⌘+k ctrl+k
1.5 (current)
Search Shortcut cmd + k | ctrl + k
Delta Extension

The delta extension adds support for the Delta Lake open-source storage format. It is built using the Delta Kernel. The extension offers read and write support for Delta tables, both local and remote.

For implementation details, see the announcement blog post.

Warning We are aware of a regression in Azure Onelake which appears to be a consequence of a change in delta-kernel-rs. You can track the issue on GitHub.

To connect to Unity Catalog, DuckDB has the unity_catalog extension.

Installing and Loading

The delta extension will be transparently autoloaded on first use from the official extension repository. If you would like to install and load it manually, run:

INSTALL delta;
LOAD delta;

Usage

To scan a local Delta table, run:

SELECT *
FROM delta_scan('file:///some/path/on/local/machine');

Reading from an S3 Bucket

To scan a Delta table in an S3 bucket, run:

SELECT *
FROM delta_scan('s3://some/delta/table');

For authenticating to S3 buckets, DuckDB Secrets are supported:

CREATE SECRET (
    TYPE s3,
    PROVIDER credential_chain
);
SELECT *
FROM delta_scan('s3://some/delta/table/with/auth');

To scan public buckets on S3, you may need to pass the correct region by creating a secret containing the region of your public S3 bucket:

CREATE SECRET (
    TYPE s3,
    REGION 'my-region'
);
SELECT *
FROM delta_scan('s3://some/public/table/in/my-region');

Reading from Azure Blob Storage

To scan a Delta table in an Azure Blob Storage bucket, run:

SELECT *
FROM delta_scan('az://my-container/my-table');

For authenticating to Azure Blob Storage, DuckDB Secrets are supported:

CREATE SECRET (
    TYPE azure,
    PROVIDER credential_chain
);
SELECT *
FROM delta_scan('az://my-container/my-table-with-auth');

Reading from Google Cloud Storage

To scan a Delta table in a GCS bucket, use HMAC keys and create a secret:

CREATE SECRET (
    TYPE gcs,
    KEY_ID 'hmac-key-id',
    SECRET 'hmac-secret'
);
SELECT *
FROM delta_scan('gs://my-bucket/my-delta-table');

Appending Data

To append rows to a Delta table, attach it and use INSERT INTO:

ATTACH 's3://my-bucket/my-delta-table' AS my_table (TYPE delta);
INSERT INTO my_table SELECT * FROM other_table;

Time Travel

To read a specific version of a Delta table, attach it and use the AT (VERSION => n) clause:

ATTACH 's3://my-bucket/my-delta-table' AS my_table (TYPE delta);
SELECT * FROM my_table AT (VERSION => 5);

Alternatively, pin a version at attach time:

ATTACH 's3://my-bucket/my-delta-table' AS my_table (TYPE delta, VERSION 5);

Checkpointing

To compact the Delta log of an attached table into a checkpoint file:

ATTACH 'path/to/my-delta-table' AS my_table (TYPE delta);
CHECKPOINT my_table;

Idempotent Appends

The delta extension exposes an idempotent-append API that uses Delta's per-application transaction versions to give exactly-once semantics: an append tagged with an app_id and a version is only committed if the table's currently recorded version for that app_id matches the expected previous version.

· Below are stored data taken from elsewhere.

lemma expectation_moran_step:
  fixes g :: "'a set \<Rightarrow> real"
  shows "measure_pmf.expectation (moran_step V E 1 S) g =
    (\<Sum>(x, y)\<in>arcs V E. g (moran_update S x y) / (real (card V) * real (deg V E x)))"
proof -
  have "measure_pmf.expectation (moran_step V E 1 S) g =
      (\<Sum>x\<in>V. \<Sum>y\<in>nbrs V E x. g (moran_update S x y) / (real (card V) * real (deg V E x)))"
    unfolding moran_step_neutral using finite_vertices vertices_nonempty nbrs_nonempty finite_nbrs
    by (simp add: pmf_expectation_bind_pmf_of_set deg_def sum_distrib_left divide_inverse mult_ac)
  also have "\<dots> = (\<Sum>(x, y)\<in>arcs V E. g (moran_update S x y) / (real (card V) * real (deg V E x)))"
    unfolding arcs_def using finite_vertices finite_nbrs by (subst sum.Sigma) auto
  finally show ?thesis .
qed

lemma set_pmf_moran_step:
  "set_pmf (moran_step V E 1 S) = (\<Union>x\<in>V. \<Union>y\<in>nbrs V E x. {moran_update S x y})"
  unfolding moran_step_neutral using finite_vertices vertices_nonempty nbrs_nonempty finite_nbrs
  by simp

lemma finite_set_pmf_moran_step: "finite (set_pmf (moran_step V E 1 S))"
  unfolding set_pmf_moran_step using finite_vertices finite_nbrs by simp

lemma set_pmf_moran_step_subset: "S \<subseteq> V \<Longrightarrow> set_pmf (moran_step V E 1 S) \<subseteq> Pow V"
  unfolding set_pmf_moran_step
  by (auto simp: moran_update_def dest: nbrs_subset[THEN subsetD] split: if_splits)

lemma set_pmf_moran_init: "set_pmf (moran_init V) \<subseteq> Pow V"
  unfolding moran_init_def using finite_vertices vertices_nonempty by auto

lemma moran_step_absorbing:
  assumes "S = {} \<or> S = V"
  shows "moran_step V E 1 S = return_pmf S"
proof -
  have "moran_step V E 1 S =
      pmf_of_set V \<bind> (\<lambda>x. pmf_of_set (nbrs V E x) \<bind> (\<lambda>y. return_pmf S))"
    unfolding moran_step_neutral
  proof (intro bind_pmf_cong refl)
    fix x y
    assume "x \<in> set_pmf (pmf_of_set V)" and "y \<in> set_pmf (pmf_of_set (nbrs V E x))"
    then have "x \<in> V" "y \<in> V"
      using finite_vertices vertices_nonempty nbrs_nonempty finite_nbrs nbrs_subset by auto
    then show "return_pmf (moran_update S x y) = return_pmf S"
      using assms by (auto simp: moran_update_def)
  qed
  then show ?thesis
    by simp
qed

lemma phi_moran_update:
  assumes "S \<subseteq> V" and "y \<in> V"
  shows "phi V E (moran_update S x y) =
    phi V E S + (indicator S x - indicator S y) / real (deg V E y)"
proof -
  have "finite S"
    using assms(1) finite_vertices by (rule finite_subset)
  then show ?thesis
    by (cases "x \<in> S"; cases "y \<in> S")
      (auto simp: moran_update_def phi_def insert_absorb sum_diff1 diff_divide_distrib)
qed

lemma expectation_moran_step_phi:
  assumes "S \<subseteq> V"
  shows "measure_pmf.expectation (moran_step V E 1 S) (phi V E) = phi V E S"
proof -
  define w where "w x = real (card V) * real (deg V E x)" for x
  define d where "d x y = (indicator S x - indicator S y) / real (deg V E y)" for x y :: 'a
  have "measure_pmf.expectation (moran_step V E 1 S) (phi V E) =
      (\<Sum>(x, y)\<in>arcs V E. (phi V E S + d x y) / w x)"
    unfolding expectation_moran_step w_def d_def using assms
    by (intro sum.cong) (auto simp: phi_moran_update arcs_iff edge_vertices)
  also have "\<dots> = (\<Sum>(x, y)\<in>arcs V E. phi V E S / w x) + (\<Sum>(x, y)\<in>arcs V E. d x y / w x)"
    by (simp add: add_divide_distrib sum.distrib case_prod_beta)
  also have "(\<Sum>(x, y)\<in>arcs V E. d x y / w x) = 0"
  proof (rule sum_antisymmetric_eq_0)
    show "(y, x) \<in> arcs V E" if "(x, y) \<in> arcs V E" for x y
      using that by (simp add: arcs_iff edge_sym)
    show "d y x / w y = - (d x y / w x)" for x y
      unfolding d_def w_def by (simp add: divide_divide_eq_left minus_divide_left algebra_simps)
  qed
  also have "(\<Sum>(x, y)\<in>arcs V E. phi V E S / w x) = phi V E S"
    using expectation_moran_step[of S "\<lambda>_. phi V E S"] by (simp add: w_def)
  finally show ?thesis
    by simp
qed

lemma expectation_moran_step_phi_increment_sq_ge:
  assumes "S \<subseteq> V" and "S \<noteq> {}" and "S \<noteq> V"
  shows "1 / real (card V) ^ 4 \<le>
    measure_pmf.expectation (moran_step V E 1 S) (\<lambda>T. (phi V E T - phi V E S)\<^sup>2)"
proof -
  let ?n = "real (card V)"
  define F where
    "F = (\<lambda>(x, y). (phi V E (moran_update S x y) - phi V E S)\<^sup>2 / (?n * real (deg V E x)))"
  obtain a b where "a \<in> S" "b \<in> V" "b \<notin> S"
    using assms by blast
  then have "(a, b) \<in> {(u, v). E u v}\<^sup>*"
    using connected assms(1) by (auto simp: connected_graph_def)
  then obtain x y where "E x y" "x \<in> S" "y \<notin> S"
    using \<open>a \<in> S\<close> \<open>b \<notin> S\<close> by (rule rtrancl_crossing_pair) auto
  then have xy: "(x, y) \<in> arcs V E" "x \<in> V" "y \<in> V"
    using arcs_iff edge_vertices by auto
  have "1 / ?n ^ 4 \<le> 1 / (real (deg V E y))\<^sup>2 / (?n * real (deg V E x))"
  proof -
    have "real (deg V E y) ^ 2 * (?n * real (deg V E x)) \<le> ?n ^ 2 * (?n * ?n)"
      using deg_le_card[of x] deg_le_card[of y]
      by (intro mult_mono power_mono mult_left_mono) auto
    moreover have "0 < real (deg V E y) ^ 2 * (?n * real (deg V E x))"
      using deg_pos xy card_vertices_pos by simp
    ultimately show ?thesis
      by (simp add: frac_le eval_nat_numeral)
  qed
  also have "\<dots> = F (x, y)"
    using xy \<open>x \<in> S\<close> \<open>y \<notin> S\<close> assms(1) by (simp add: F_def phi_moran_update power_divide)
  also have "\<dots> \<le> (\<Sum>p\<in>arcs V E. F p)"
    using xy(1) by (rule member_le_sum) (auto simp: F_def arcs_def finite_vertices finite_nbrs)
  also have "\<dots> = measure_pmf.expectation (moran_step V E 1 S) (\<lambda>T. (phi V E T - phi V E S)\<^sup>2)"
    unfolding expectation_moran_step F_def ..
  finally show ?thesis .
qed

lemma expectation_moran_step_potential_le:
  assumes "S \<subseteq> V"
  shows "measure_pmf.expectation (moran_step V E 1 S) (moran_potential V E)
    \<le> moran_potential V E S - indicator (- {{}, V}) S / real (card V) ^ 4"
proof -
  let ?var = "measure_pmf.expectation (moran_step V E 1 S) (\<lambda>T. (phi V E T - phi V E S)\<^sup>2)"
  have "measure_pmf.expectation (moran_step V E 1 S) (moran_potential V E) =
      moran_potential V E S - ?var"
    unfolding moran_potential_def
    using finite_set_pmf_moran_step expectation_moran_step_phi[OF assms]
    by (rule expectation_mult_diff_eq)
  moreover have "indicator (- {{}, V}) S / real (card V) ^ 4 \<le> ?var"
    using expectation_moran_step_phi_increment_sq_ge[OF assms]
    by (cases "S = {} \<or> S = V") (auto intro: integral_nonneg)
  ultimately show ?thesis
    by simp
qed

lemma one_minus_prob_absorbed_by:
  "1 - prob_absorbed_by V E 1 k =
    measure_pmf.expectation (moran_dist V E 1 k) (indicator (- {{}, V}))"
proof -
  have "- {{}, V} = UNIV - {S. S = {} \<or> S = V}"
    by auto
  then show ?thesis
    unfolding prob_absorbed_by_def
    using measure_pmf.prob_compl[of "{S. S = {} \<or> S = V}" "moran_dist V E 1 k"] by simp
qed
definition is_fpcat :: "('o, 'm, 'z) fpcat_scheme \<Rightarrow> bool" where
  "is_fpcat C \<longleftrightarrow>
     (\<forall>X. idn C X \<in> hom C X X)
   \<and> (\<forall>f\<in>Ar C. \<forall>g\<in>Ar C. c_cod C f = c_dom C g \<longrightarrow>
        cmp C g f \<in> hom C (c_dom C f) (c_cod C g))
   \<and> (\<forall>f\<in>Ar C. \<forall>g\<in>Ar C. \<forall>h\<in>Ar C. c_cod C f = c_dom C g \<and> c_cod C g = c_dom C h \<longrightarrow>
        cmp C h (cmp C g f) = cmp C (cmp C h g) f)
   \<and> (\<forall>f\<in>Ar C. cmp C f (idn C (c_dom C f)) = f \<and> cmp C (idn C (c_cod C f)) f = f)
   \<and> (\<forall>X. trm_ar C X \<in> hom C X (trm C) \<and> (\<forall>h\<in>hom C X (trm C). h = trm_ar C X))
   \<and> (\<forall>A B. pr1 C A B \<in> hom C (prd C A B) A \<and> pr2 C A B \<in> hom C (prd C A B) B)
   \<and> (\<forall>Z A B f g. f \<in> hom C Z A \<and> g \<in> hom C Z B \<longrightarrow>
        pair C f g \<in> hom C Z (prd C A B)
        \<and> cmp C (pr1 C A B) (pair C f g) = f \<and> cmp C (pr2 C A B) (pair C f g) = g)
   \<and> (\<forall>Z A B h. h \<in> hom C Z (prd C A B) \<longrightarrow>
        h = pair C (cmp C (pr1 C A B) h) (cmp C (pr2 C A B) h))"

definition c_iso :: "('o, 'm, 'z) fpcat_scheme \<Rightarrow> 'o \<Rightarrow> 'o \<Rightarrow> bool" where
  "c_iso C X Y \<longleftrightarrow> (\<exists>f g. f \<in> hom C X Y \<and> g \<in> hom C Y X
      \<and> cmp C g f = idn C X \<and> cmp C f g = idn C Y)"

definition c_initial :: "('o, 'm, 'z) fpcat_scheme \<Rightarrow> 'o \<Rightarrow> bool" where
  "c_initial C Z \<longleftrightarrow> (\<forall>X. \<exists>!h. h \<in> hom C Z X)"

definition stable_initial :: "('o, 'm, 'z) fpcat_scheme \<Rightarrow> 'o \<Rightarrow> bool" where
  "stable_initial C Z \<longleftrightarrow> c_initial C Z \<and> (\<forall>X. c_iso C (prd C X Z) Z)"

record ('o, 'm, 'p) doctrine = "('o, 'm) fpcat" +
  Pr :: "'o \<Rightarrow> 'p set"                 (* underlying set of P(A) *)
  leq :: "'o \<Rightarrow> 'p \<Rightarrow> 'p \<Rightarrow> bool"
  rdx :: "'m \<Rightarrow> 'p \<Rightarrow> 'p"             (* f^* = P(f) *)

definition is_doctrine :: "('o, 'm, 'p, 'z) doctrine_scheme \<Rightarrow> bool" where
  "is_doctrine D \<longleftrightarrow> is_fpcat D
   \<and> (\<forall>A. po_on (Pr D A) (leq D A))
   \<and> (\<forall>f\<in>Ar D. \<forall>a\<in>Pr D (c_cod D f). rdx D f a \<in> Pr D (c_dom D f))
   \<and> (\<forall>f\<in>Ar D. \<forall>a\<in>Pr D (c_cod D f). \<forall>b\<in>Pr D (c_cod D f).
        leq D (c_cod D f) a b \<longrightarrow> leq D (c_dom D f) (rdx D f a) (rdx D f b))
   \<and> (\<forall>X. \<forall>a\<in>Pr D X. rdx D (idn D X) a = a)
   \<and> (\<forall>f\<in>Ar D. \<forall>g\<in>Ar D. c_cod D f = c_dom D g \<longrightarrow>
        (\<forall>a\<in>Pr D (c_cod D g). rdx D (cmp D g f) a = rdx D f (rdx D g a)))"

definition meetP :: "('o, 'm, 'p, 'z) doctrine_scheme \<Rightarrow> 'o \<Rightarrow> 'p \<Rightarrow> 'p \<Rightarrow> 'p" where
  "meetP D A x y = (THE z. po_glb (Pr D A) (leq D A) x y z)"

definition botP :: "('o, 'm, 'p, 'z) doctrine_scheme \<Rightarrow> 'o \<Rightarrow> 'p" where
  "botP D A = (THE b. po_bot (Pr D A) (leq D A) b)"

definition is_primary :: "('o, 'm, 'p, 'z) doctrine_scheme \<Rightarrow> bool" where
  "is_primary D \<longleftrightarrow> is_doctrine D
   \<and> (\<forall>A. \<forall>x\<in>Pr D A. \<forall>y\<in>Pr D A. \<exists>z. po_glb (Pr D A) (leq D A) x y z)
   \<and> (\<forall>f\<in>Ar D. \<forall>x\<in>Pr D (c_cod D f). \<forall>y\<in>Pr D (c_cod D f).
        rdx D f (meetP D (c_cod D f) x y) = meetP D (c_dom D f) (rdx D f x) (rdx D f y))"

text \<open>Elementary doctrine; X \<times> A \<times> A is bracketed as (X \<times> A) \<times> A.
  Then \<langle>\<pi>1,\<pi>2\<rangle> is the first projection of (X\<times>A)\<times>A, \<langle>\<pi>2,\<pi>3\<rangle> = \<langle>pr2\<circ>pr1, pr2\<rangle>
  and id_X \<times> \<Delta>_A = \<langle>id_{X\<times>A}, pr2\<rangle>.\<close>
definition is_elementary :: "('o, 'm, 'p, 'z) doctrine_scheme \<Rightarrow> ('o \<Rightarrow> 'p) \<Rightarrow> bool" where
  "is_elementary D \<delta> \<longleftrightarrow> is_primary D
   \<and> (\<forall>A. \<delta> A \<in> Pr D (prd D A A))
   \<and> (\<forall>A X.
       (let XA = prd D X A; XAA = prd D XA A;
            p12 = pr1 D XA A;
            p23 = pair D (cmp D (pr2 D X A) (pr1 D XA A)) (pr2 D XA A);
            d = pair D (idn D XA) (pr2 D X A)
        in \<forall>\<psi>\<in>Pr D XA. \<forall>\<phi>\<in>Pr D XAA.
             leq D XAA (meetP D XAA (rdx D p12 \<psi>) (rdx D p23 (\<delta> A))) \<phi>
             \<longleftrightarrow> leq D XA \<psi> (rdx D d \<phi>)))"

definition grph :: "('o, 'm, 'p, 'z) doctrine_scheme \<Rightarrow> ('o \<Rightarrow> 'p) \<Rightarrow> 'm \<Rightarrow> 'p" where
  "grph D \<delta> f = rdx D (pair D (cmp D f (pr1 D (c_dom D f) (c_cod D f))) (pr2 D (c_dom D f) (c_cod D f)))
                   (\<delta> (c_cod D f))"

text \<open>AC. eps1 \<Gamma> A \<psi> is the chosen witness for \<psi> \<in> P(\<Gamma> \<times> A), eps2 A \<Gamma> \<psi> the
  chosen witness for \<psi> \<in> P(A \<times> \<Gamma>) (factors swapped). The left adjoint condition is
  stated pointwise: \<Sigma>\<psi> = \<langle>id,\<epsilon>_\<psi>\<rangle>^*\<psi> is left adjoint to \<pi>_\<Gamma>^*.\<close>
definition has_AC :: "('o, 'm, 'p, 'z) doctrine_scheme \<Rightarrow> ('o \<Rightarrow> 'o \<Rightarrow> 'p \<Rightarrow> 'm)
                       \<Rightarrow> ('o \<Rightarrow> 'o \<Rightarrow> 'p \<Rightarrow> 'm) \<Rightarrow> bool" where
  "has_AC D eps1 eps2 \<longleftrightarrow> (\<forall>A \<Gamma>. \<not> stable_initial D A \<longrightarrow>
     (\<forall>\<psi>\<in>Pr D (prd D \<Gamma> A). eps1 \<Gamma> A \<psi> \<in> hom D \<Gamma> A
        \<and> (\<forall>\<phi>\<in>Pr D \<Gamma>. leq D \<Gamma> (rdx D (pair D (idn D \<Gamma>) (eps1 \<Gamma> A \<psi>)) \<psi>) \<phi>
                         \<longleftrightarrow> leq D (prd D \<Gamma> A) \<psi> (rdx D (pr1 D \<Gamma> A) \<phi>)))
   \<and> (\<forall>\<psi>\<in>Pr D (prd D A \<Gamma>). eps2 A \<Gamma> \<psi> \<in> hom D \<Gamma> A
        \<and> (\<forall>\<phi>\<in>Pr D \<Gamma>. leq D \<Gamma> (rdx D (pair D (eps2 A \<Gamma> \<psi>) (idn D \<Gamma>)) \<psi>) \<phi>
                         \<longleftrightarrow> leq D (prd D A \<Gamma>) \<psi> (rdx D (pr2 D A \<Gamma>) \<phi>))))"

text \<open>Co-comprehension: cc A \<alpha> is the chosen arrow \<lceil>\<alpha>\<rceil> : {\<alpha>}^o \<rightarrow> A.\<close>
definition has_cocomp :: "('o, 'm, 'p, 'z) doctrine_scheme \<Rightarrow> ('o \<Rightarrow> 'p \<Rightarrow> 'm) \<Rightarrow> bool" where
  "has_cocomp D cc \<longleftrightarrow> (\<forall>A. \<exists>b. po_bot (Pr D A) (leq D A) b)
   \<and> (\<forall>A. \<forall>\<alpha>\<in>Pr D A. cc A \<alpha> \<in> Ar D \<and> c_cod D (cc A \<alpha>) = A
        \<and> rdx D (cc A \<alpha>) \<alpha> = botP D (c_dom D (cc A \<alpha>))
        \<and> (\<forall>Y f. f \<in> hom D Y A \<and> rdx D f \<alpha> = botP D Y \<longrightarrow>
              (\<exists>!g. g \<in> hom D Y (c_dom D (cc A \<alpha>)) \<and> cmp D (cc A \<alpha>) g = f)))"

definition cocomp_full :: "('o, 'm, 'p, 'z) doctrine_scheme \<Rightarrow> ('o \<Rightarrow> 'p \<Rightarrow> 'm) \<Rightarrow> bool" where
  "cocomp_full D cc \<longleftrightarrow> (\<forall>A. \<forall>\<alpha>\<in>Pr D A. \<forall>\<beta>\<in>Pr D A.
      (\<exists>g. g \<in> hom D (c_dom D (cc A \<beta>)) (c_dom D (cc A \<alpha>)) \<and> cmp D (cc A \<alpha>) g = cc A \<beta>)
      \<longrightarrow> leq D A \<alpha> \<beta>)"

text \<open>For \<alpha> \<in> P(A), \<G>(\<lceil>\<alpha>\<rceil>) \<in> P({\<alpha>}^o \<times> A) and
  \<epsilon>_{\<G>(\<lceil>\<alpha>\<rceil>)} : A \<rightarrow> {\<alpha>}^o is the (swapped-factor) AC witness; it is only
  provided by AC when {\<alpha>}^o is not stable initial, so the equation is required
  whenever both sides are defined.\<close>
definition eaco_cond :: "('o, 'm, 'p, 'z) doctrine_scheme \<Rightarrow> ('o \<Rightarrow> 'p)
                        \<Rightarrow> ('o \<Rightarrow> 'p \<Rightarrow> 'm) \<Rightarrow> ('o \<Rightarrow> 'o \<Rightarrow> 'p \<Rightarrow> 'm) \<Rightarrow> bool" where
  "eaco_cond D \<delta> cc eps2 \<longleftrightarrow> (\<forall>f\<in>Ar D. \<forall>\<alpha>\<in>Pr D (c_cod D f).
     (let A = c_cod D f; X = c_dom D f;
          O1 = c_dom D (cc A \<alpha>); G1 = grph D \<delta> (cc A \<alpha>);
          \<beta> = rdx D f \<alpha>;
          O2 = c_dom D (cc X \<beta>); G2 = grph D \<delta> (cc X \<beta>)
      in \<not> stable_initial D O1 \<and> \<not> stable_initial D O2 \<longrightarrow>
         rdx D f (rdx D (pair D (eps2 O1 A G1) (idn D A)) G1)
         = rdx D (pair D (eps2 O2 X G2) (idn D X)) G2))"
definition trajectory :: "(real \<Rightarrow> 'a) \<Rightarrow> bool" where
  "trajectory x \<longleftrightarrow> continuous_on {0..} x \<and> x 0 \<in> U \<and>
     (\<forall>t \<ge> 0. x t \<in> U \<longrightarrow> ((\<lambda>s. L (x s)) has_real_derivative D (x t)) (at t within {0..}))"

lemma L_nonneg: "z \<in> U \<Longrightarrow> L z \<ge> 0"
  using L_pos[of z] L_equilibrium by (cases "z = E") auto

lemma trajectory_L_decreasing_in_domain:
  assumes traj: "trajectory x" and "0 \<le> a" "a \<le> b" and inside: "\<And>t. t \<in> {a..b} \<Longrightarrow> x t \<in> U"
  shows "L (x b) \<le> L (x a)"
proof (rule DERIV_nonpos_within_Icc_imp_decreasing[where h' = "\<lambda>t. D (x t)", OF \<open>a \<le> b\<close>])
  fix t assume t: "t \<in> {a..b}"
  then have "((\<lambda>s. L (x s)) has_real_derivative D (x t)) (at t within {0..})"
    using traj inside \<open>0 \<le> a\<close> unfolding trajectory_def by auto
  then show "((\<lambda>s. L (x s)) has_real_derivative D (x t)) (at t within {a..b})"
    by (rule DERIV_subset) (use \<open>0 \<le> a\<close> in auto)
  show "D (x t) \<le> 0"
    using D_nonpos inside t by blast
qed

This lets a producer safely retry a batch without duplicating it.

Within a transaction, tag the append with delta_set_transaction_version(⟨table⟩, ⟨app_id⟩, ⟨new_version⟩, ⟨expected_previous_version⟩):

ATTACH 'path/to/my-delta-table' AS my_table (TYPE delta);

BEGIN TRANSACTION;
CALL delta_set_transaction_version('my_table', 'my_app_id', 1::UBIGINT, NULL::UBIGINT);
INSERT INTO my_table VALUES (1);
COMMIT;

On COMMIT, the version is compared-and-swapped: if another process advanced the version for my_app_id in the meantime, the commit fails. Aborting the transaction leaves the version unchanged. Read the current version with delta_get_transaction_version(⟨table⟩, ⟨app_id⟩), which returns NULL if no version has been recorded yet.

Attach Options

When attaching a Delta table you can pass the following options to ATTACH:

Option Type Default Description
VERSION UBIGINT latest Pin the attached table to a specific table version.
PIN_SNAPSHOT BOOLEAN false Resolve the table snapshot once at attach time and reuse it, rather than re-resolving the latest version per query.
PUSHDOWN_PARTITION_INFO BOOLEAN true Push down partition information so that whole files can be skipped based on partition values.
PUSHDOWN_FILTERS VARCHAR all Filter pushdown mode for file skipping. One of none, all, constant_only, dynamic_only.
ATTACH 's3://my-bucket/my-delta-table' AS my_table (
    TYPE delta,
    PIN_SNAPSHOT true,
    PUSHDOWN_FILTERS 'constant_only'
);

Inspecting Scanned Files

delta_list_files returns the data files a scan would read for a table, together with their cardinality, partition values, and whether they carry deletion vectors. This is useful for understanding the effect of data skipping:

SELECT * FROM delta_list_files('file:///some/path/on/local/machine');
Column Type Description
data_file VARCHAR Path to the Parquet data file.
cardinality UBIGINT Number of rows in the file.
partitions MAP(VARCHAR, VARCHAR) Partition column values for the file.
have_deletes BOOLEAN Whether the file has an associated deletion vector.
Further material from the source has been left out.